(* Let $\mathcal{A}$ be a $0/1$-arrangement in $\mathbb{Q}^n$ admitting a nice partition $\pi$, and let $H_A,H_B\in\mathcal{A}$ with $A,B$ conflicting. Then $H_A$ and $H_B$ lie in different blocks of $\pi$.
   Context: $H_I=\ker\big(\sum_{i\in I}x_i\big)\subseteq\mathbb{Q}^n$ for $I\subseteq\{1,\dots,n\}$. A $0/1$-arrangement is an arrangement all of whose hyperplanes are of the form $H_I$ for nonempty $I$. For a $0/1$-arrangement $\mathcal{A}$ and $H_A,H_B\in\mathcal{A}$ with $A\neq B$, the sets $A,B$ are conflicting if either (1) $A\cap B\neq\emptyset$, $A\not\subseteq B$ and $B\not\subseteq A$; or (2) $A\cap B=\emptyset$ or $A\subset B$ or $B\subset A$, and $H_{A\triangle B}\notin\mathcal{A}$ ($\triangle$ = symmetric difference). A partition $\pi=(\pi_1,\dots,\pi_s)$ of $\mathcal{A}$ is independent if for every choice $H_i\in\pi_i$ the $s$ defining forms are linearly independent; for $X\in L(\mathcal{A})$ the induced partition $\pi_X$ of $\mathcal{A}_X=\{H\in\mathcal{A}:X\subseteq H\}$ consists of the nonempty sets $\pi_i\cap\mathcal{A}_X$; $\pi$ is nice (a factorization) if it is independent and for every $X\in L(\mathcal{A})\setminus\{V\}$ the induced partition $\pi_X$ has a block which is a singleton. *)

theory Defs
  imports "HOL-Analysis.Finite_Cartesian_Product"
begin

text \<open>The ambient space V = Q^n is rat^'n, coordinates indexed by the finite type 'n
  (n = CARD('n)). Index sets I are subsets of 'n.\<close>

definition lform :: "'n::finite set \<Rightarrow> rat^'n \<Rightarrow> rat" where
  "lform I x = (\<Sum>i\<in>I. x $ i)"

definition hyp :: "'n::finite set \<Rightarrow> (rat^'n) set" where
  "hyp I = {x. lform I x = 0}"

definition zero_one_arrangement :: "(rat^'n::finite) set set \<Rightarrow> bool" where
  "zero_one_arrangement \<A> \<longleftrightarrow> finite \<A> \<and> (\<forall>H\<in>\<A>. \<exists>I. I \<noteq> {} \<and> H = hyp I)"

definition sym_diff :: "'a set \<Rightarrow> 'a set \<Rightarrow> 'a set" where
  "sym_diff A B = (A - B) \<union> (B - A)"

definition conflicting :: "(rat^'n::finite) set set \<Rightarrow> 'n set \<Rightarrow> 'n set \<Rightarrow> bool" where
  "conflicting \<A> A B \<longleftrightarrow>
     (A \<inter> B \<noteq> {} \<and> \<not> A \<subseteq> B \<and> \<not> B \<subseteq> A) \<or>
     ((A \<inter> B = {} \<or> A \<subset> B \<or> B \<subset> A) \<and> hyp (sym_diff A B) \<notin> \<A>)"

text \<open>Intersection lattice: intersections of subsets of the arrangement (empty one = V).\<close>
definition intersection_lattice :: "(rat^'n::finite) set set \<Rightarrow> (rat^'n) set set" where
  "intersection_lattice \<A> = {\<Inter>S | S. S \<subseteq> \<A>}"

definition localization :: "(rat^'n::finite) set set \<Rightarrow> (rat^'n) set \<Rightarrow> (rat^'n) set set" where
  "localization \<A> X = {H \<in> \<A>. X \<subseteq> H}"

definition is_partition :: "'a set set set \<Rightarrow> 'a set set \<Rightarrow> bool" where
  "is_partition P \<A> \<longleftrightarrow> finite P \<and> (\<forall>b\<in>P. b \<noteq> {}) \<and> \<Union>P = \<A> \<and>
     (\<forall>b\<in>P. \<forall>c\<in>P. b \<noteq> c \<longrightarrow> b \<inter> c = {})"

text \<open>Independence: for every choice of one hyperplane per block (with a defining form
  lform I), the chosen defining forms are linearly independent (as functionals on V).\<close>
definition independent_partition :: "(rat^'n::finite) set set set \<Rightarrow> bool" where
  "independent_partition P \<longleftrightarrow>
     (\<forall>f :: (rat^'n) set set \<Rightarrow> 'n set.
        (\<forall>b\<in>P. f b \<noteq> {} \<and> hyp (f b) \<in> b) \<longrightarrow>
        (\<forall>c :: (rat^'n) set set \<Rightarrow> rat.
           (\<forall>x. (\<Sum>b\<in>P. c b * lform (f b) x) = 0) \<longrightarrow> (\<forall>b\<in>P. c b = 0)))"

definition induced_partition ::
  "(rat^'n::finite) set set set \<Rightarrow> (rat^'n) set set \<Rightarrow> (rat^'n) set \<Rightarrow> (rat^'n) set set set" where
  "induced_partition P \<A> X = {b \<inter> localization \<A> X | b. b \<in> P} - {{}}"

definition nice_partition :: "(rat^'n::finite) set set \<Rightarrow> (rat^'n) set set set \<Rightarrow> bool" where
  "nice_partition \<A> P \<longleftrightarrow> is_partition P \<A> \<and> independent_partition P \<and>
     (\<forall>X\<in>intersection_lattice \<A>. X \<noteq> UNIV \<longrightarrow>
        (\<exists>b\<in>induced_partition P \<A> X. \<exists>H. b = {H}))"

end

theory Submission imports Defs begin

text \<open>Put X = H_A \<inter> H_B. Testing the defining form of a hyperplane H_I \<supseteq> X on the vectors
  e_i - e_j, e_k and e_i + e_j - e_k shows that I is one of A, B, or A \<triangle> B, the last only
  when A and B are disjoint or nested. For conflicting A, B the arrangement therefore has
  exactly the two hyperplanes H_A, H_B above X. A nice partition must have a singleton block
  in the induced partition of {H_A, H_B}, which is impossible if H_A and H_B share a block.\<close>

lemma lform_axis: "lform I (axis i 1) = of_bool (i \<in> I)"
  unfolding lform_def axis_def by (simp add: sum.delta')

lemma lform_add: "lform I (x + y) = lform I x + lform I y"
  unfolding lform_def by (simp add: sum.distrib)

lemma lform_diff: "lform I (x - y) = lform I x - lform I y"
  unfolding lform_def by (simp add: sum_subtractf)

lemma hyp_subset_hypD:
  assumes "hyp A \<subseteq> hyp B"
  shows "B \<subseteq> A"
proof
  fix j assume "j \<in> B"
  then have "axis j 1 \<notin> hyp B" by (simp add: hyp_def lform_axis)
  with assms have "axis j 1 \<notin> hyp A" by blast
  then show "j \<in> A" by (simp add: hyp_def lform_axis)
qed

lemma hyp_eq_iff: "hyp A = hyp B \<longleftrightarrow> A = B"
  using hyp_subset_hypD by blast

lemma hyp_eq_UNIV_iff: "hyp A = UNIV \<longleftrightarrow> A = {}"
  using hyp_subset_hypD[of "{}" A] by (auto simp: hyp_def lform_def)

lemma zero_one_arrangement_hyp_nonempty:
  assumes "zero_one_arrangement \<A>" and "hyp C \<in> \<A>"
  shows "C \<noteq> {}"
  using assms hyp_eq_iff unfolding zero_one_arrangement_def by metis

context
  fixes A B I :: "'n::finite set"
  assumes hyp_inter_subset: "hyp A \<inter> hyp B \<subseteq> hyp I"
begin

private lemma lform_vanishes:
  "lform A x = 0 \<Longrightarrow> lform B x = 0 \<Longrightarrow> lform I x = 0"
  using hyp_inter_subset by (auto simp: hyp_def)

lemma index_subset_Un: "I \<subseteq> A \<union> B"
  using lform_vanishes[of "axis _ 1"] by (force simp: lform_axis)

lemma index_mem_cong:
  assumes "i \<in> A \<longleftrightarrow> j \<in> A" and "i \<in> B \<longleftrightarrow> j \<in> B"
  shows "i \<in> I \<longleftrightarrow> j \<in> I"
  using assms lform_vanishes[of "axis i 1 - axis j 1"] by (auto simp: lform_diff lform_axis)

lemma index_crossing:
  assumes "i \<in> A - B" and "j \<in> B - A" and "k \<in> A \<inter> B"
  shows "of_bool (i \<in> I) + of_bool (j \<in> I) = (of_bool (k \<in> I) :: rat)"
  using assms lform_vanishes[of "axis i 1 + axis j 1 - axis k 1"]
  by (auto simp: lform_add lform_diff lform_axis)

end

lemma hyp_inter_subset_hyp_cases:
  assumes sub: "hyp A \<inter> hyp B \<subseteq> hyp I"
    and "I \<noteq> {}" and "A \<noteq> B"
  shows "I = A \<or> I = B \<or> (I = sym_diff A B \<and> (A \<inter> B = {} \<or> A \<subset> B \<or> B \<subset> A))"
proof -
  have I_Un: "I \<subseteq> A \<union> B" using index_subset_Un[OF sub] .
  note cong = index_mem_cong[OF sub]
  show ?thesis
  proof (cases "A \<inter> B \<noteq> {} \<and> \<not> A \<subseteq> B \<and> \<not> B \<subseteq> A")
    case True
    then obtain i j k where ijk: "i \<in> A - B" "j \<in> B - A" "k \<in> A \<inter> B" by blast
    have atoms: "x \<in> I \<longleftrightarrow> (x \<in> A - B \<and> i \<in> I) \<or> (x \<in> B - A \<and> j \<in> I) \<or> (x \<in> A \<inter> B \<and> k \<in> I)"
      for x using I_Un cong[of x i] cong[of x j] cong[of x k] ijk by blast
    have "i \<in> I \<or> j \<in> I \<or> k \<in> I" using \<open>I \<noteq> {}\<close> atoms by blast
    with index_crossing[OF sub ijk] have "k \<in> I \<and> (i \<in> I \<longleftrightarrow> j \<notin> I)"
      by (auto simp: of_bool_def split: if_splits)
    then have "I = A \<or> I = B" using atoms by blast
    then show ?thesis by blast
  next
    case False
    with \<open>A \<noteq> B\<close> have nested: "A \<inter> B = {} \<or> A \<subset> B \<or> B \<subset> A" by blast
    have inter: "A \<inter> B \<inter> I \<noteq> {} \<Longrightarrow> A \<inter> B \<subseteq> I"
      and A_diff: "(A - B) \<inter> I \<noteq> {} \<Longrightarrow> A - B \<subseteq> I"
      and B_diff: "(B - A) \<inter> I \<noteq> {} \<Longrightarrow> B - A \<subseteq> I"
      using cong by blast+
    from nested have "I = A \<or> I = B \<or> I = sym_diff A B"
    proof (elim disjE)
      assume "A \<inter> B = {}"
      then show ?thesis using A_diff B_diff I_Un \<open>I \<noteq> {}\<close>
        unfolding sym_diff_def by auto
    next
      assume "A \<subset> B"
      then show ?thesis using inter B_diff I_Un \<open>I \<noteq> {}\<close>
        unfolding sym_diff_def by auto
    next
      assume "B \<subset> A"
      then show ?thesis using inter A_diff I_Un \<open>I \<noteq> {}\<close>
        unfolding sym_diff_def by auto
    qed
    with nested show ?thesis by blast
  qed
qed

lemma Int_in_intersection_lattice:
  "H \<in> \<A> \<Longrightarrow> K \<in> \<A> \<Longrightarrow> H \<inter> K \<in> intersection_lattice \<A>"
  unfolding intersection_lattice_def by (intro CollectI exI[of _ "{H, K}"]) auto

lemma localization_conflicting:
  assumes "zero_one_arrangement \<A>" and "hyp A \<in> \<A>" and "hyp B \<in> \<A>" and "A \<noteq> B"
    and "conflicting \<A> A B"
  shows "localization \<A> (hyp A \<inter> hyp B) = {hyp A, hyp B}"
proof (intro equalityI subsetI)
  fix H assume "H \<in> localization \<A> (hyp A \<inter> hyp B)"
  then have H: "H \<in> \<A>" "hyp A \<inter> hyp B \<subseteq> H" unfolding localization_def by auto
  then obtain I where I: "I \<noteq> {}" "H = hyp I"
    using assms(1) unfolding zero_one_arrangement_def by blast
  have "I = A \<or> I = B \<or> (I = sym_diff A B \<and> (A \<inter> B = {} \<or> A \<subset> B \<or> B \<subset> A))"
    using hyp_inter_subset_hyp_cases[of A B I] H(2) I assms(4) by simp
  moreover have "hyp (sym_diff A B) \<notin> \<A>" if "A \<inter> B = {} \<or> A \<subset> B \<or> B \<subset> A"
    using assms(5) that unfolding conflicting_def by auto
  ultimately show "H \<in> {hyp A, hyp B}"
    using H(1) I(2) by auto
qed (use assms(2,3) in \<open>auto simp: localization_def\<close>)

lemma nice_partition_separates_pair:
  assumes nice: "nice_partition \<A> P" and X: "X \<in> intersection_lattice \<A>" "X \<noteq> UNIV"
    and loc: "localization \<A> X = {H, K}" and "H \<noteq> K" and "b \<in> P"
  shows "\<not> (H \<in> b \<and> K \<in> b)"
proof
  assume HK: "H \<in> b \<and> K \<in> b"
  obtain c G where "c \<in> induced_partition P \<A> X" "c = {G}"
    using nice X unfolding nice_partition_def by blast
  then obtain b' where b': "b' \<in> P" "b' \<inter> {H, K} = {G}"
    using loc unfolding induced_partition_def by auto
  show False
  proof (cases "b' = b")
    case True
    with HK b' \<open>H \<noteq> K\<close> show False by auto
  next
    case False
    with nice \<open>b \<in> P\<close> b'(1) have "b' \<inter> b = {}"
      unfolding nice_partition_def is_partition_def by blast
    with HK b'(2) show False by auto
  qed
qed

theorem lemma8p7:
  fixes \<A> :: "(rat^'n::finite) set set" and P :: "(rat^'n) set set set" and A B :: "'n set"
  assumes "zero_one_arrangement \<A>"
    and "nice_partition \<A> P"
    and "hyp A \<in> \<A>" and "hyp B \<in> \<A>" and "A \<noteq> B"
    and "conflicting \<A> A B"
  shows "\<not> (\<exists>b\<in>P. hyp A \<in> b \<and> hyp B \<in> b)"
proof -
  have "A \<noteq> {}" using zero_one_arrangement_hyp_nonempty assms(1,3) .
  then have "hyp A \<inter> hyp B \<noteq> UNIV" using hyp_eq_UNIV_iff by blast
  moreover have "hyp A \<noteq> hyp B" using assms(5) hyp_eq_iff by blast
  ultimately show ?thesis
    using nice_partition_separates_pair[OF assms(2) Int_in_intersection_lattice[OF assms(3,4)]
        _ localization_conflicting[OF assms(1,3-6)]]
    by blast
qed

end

§ **TASK DIRECTIONS**
Of the lines above, show those in which "imports" appears.

§ **FINISHED EXERCISE**
  imports "HOL-Analysis.Finite_Cartesian_Product"
theory Submission imports Defs begin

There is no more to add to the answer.